(* Let $p$ be an odd prime, $G=\mu_p\times\mu_p$, and let $\mathcal{P}$ be a fusion partition of $G$ having exactly $p$ singular sets and such that every non-singular set has exactly two elements. Then there exist $\alpha,\beta\in G$ such that the singular sets are exactly $\{\alpha^i\}$, $i=0,\dots,p-1$, and the non-singular sets are exactly the sets $\{\alpha^i\beta^j,\alpha^i\beta^{-j}\}$ with $0\le i\le p-1$ and $1\le j\le p-1$.
   Context: A unital partition of a finite commutative group $G$ is a partition $G=\{1\}\sqcup A_0\sqcup\dots\sqcup A_s$ such that, with $a_i=\sum_{x\in A_i}x\in\mathbb{Z}[G]$, the $\mathbb{Z}$-span of $1$ and the $a_i$ is closed under multiplication in $\mathbb{Z}[G]$. It is a fusion partition if moreover (1) for each member $A_i$ the set $\{x^{-1}:x\in A_i\}$ is a member, denoted $A_{i^*}$, and (2) writing $a_ia_j=\sum_kn^k_{i,j}a_k$, one has $n^k_{i,j}|A_k|=n^{j^*}_{i,k^*}|A_{j^*}|$. A member of a partition is singular if it has exactly one element (the set $\{1\}$ counts as singular). *)

theory Defs
  imports "HOL-Analysis.Analysis" "HOL-Computational_Algebra.Primes"
begin

type_synonym elt = "complex \<times> complex"

definition mu2 :: "nat \<Rightarrow> elt set" where
  "mu2 p = {(z, w). z ^ p = 1 \<and> w ^ p = 1}"

definition gone :: elt where "gone = (1, 1)"

definition gmul :: "elt \<Rightarrow> elt \<Rightarrow> elt" where
  "gmul x y = (fst x * fst y, snd x * snd y)"

definition ginv :: "elt \<Rightarrow> elt" where
  "ginv x = (inverse (fst x), inverse (snd x))"

definition gpow :: "elt \<Rightarrow> nat \<Rightarrow> elt" where
  "gpow x i = (fst x ^ i, snd x ^ i)"

text \<open>Elements of the group ring Z[G] are integer-valued functions on G
  (zero outside G); product is convolution.\<close>

definition ind :: "elt set \<Rightarrow> elt \<Rightarrow> int" where
  "ind A = (\<lambda>x. if x \<in> A then 1 else 0)"

definition conv :: "elt set \<Rightarrow> (elt \<Rightarrow> int) \<Rightarrow> (elt \<Rightarrow> int) \<Rightarrow> elt \<Rightarrow> int" where
  "conv G f g = (\<lambda>z. \<Sum>x\<in>G. f x * g (gmul (ginv x) z))"

definition is_partition_with_one :: "elt set \<Rightarrow> elt set set \<Rightarrow> bool" where
  "is_partition_with_one G P \<longleftrightarrow>
     (\<forall>A\<in>P. A \<noteq> {} \<and> A \<subseteq> G) \<and> \<Union>P = G \<and>
     (\<forall>A\<in>P. \<forall>B\<in>P. A \<noteq> B \<longrightarrow> A \<inter> B = {}) \<and> {gone} \<in> P"

definition zspan :: "elt set set \<Rightarrow> (elt \<Rightarrow> int) set" where
  "zspan P = {f. \<exists>c :: elt set \<Rightarrow> int. f = (\<lambda>x. \<Sum>C\<in>P. c C * ind C x)}"

definition unital_partition :: "elt set \<Rightarrow> elt set set \<Rightarrow> bool" where
  "unital_partition G P \<longleftrightarrow> is_partition_with_one G P \<and>
     (\<forall>f\<in>zspan P. \<forall>g\<in>zspan P. conv G f g \<in> zspan P)"

text \<open>Structure constant n^C_{A,B}: coefficient of the class sum of C in a_A a_B,
  i.e. the (block-constant) value of a_A a_B at an element of C.\<close>
definition struct_const :: "elt set \<Rightarrow> elt set \<Rightarrow> elt set \<Rightarrow> elt set \<Rightarrow> int" where
  "struct_const G A B C = conv G (ind A) (ind B) (SOME x. x \<in> C)"

definition fusion_partition :: "elt set \<Rightarrow> elt set set \<Rightarrow> bool" where
  "fusion_partition G P \<longleftrightarrow> unital_partition G P \<and>
     (\<forall>A\<in>P. ginv ` A \<in> P) \<and>
     (\<forall>A\<in>P. \<forall>B\<in>P. \<forall>C\<in>P.
        struct_const G A B C * int (card C) =
        struct_const G A (ginv ` C) (ginv ` B) * int (card (ginv ` B)))"

definition singular :: "elt set \<Rightarrow> bool" where
  "singular A \<longleftrightarrow> card A = 1"

end

theory Submission
  imports Defs
begin

(* Let H be the set of elements
   forming singular blocks and S the set of z with {z, z^-1} a block.  Computing products of
   block sums in Z[G] shows:
   (1) H is a subgroup and translation by H permutes the blocks;
   (2) every two-element block {x, y} has x y in H, hence (using that squaring is bijective in
       a group of odd exponent) it is a translate c {z, z^-1} with c in H, z in S - {1};
   (3) S is a subgroup with S \<inter> H = {1}.  In the locale prime_pair_partition,
   where |H| = p is prime, H is generated by any alpha <> 1 in H, and for any beta <> 1 in S the
   products alpha^a beta^b (a, b < p) are distinct, hence exhaust G; so S consists of the powers
   of beta. *)

section \<open>The group of pairs of p-th roots of unity\<close>

lemma mu2_eq: "mu2 p = {z. z ^ p = 1} \<times> {w. w ^ p = 1}"
  by (auto simp: mu2_def)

───

## PROBLEM TO SOLVE
Above are the entries. Quote exactly the lines from the one bearing "i.e. the (block-constant)" through the one bearing "struct_const G A (ginv".

## RESPONSE
  i.e. the (block-constant) value of a_A a_B at an element of C.\<close>
definition struct_const :: "elt set \<Rightarrow> elt set \<Rightarrow> elt set \<Rightarrow> elt set \<Rightarrow> int" where
  "struct_const G A B C = conv G (ind A) (ind B) (SOME x. x \<in> C)"

definition fusion_partition :: "elt set \<Rightarrow> elt set set \<Rightarrow> bool" where
  "fusion_partition G P \<longleftrightarrow> unital_partition G P \<and>
     (\<forall>A\<in>P. ginv ` A \<in> P) \<and>
     (\<forall>A\<in>P. \<forall>B\<in>P. \<forall>C\<in>P.
        struct_const G A B C * int (card C) =
        struct_const G A (ginv ` C) (ginv ` B) * int (card (ginv ` B)))"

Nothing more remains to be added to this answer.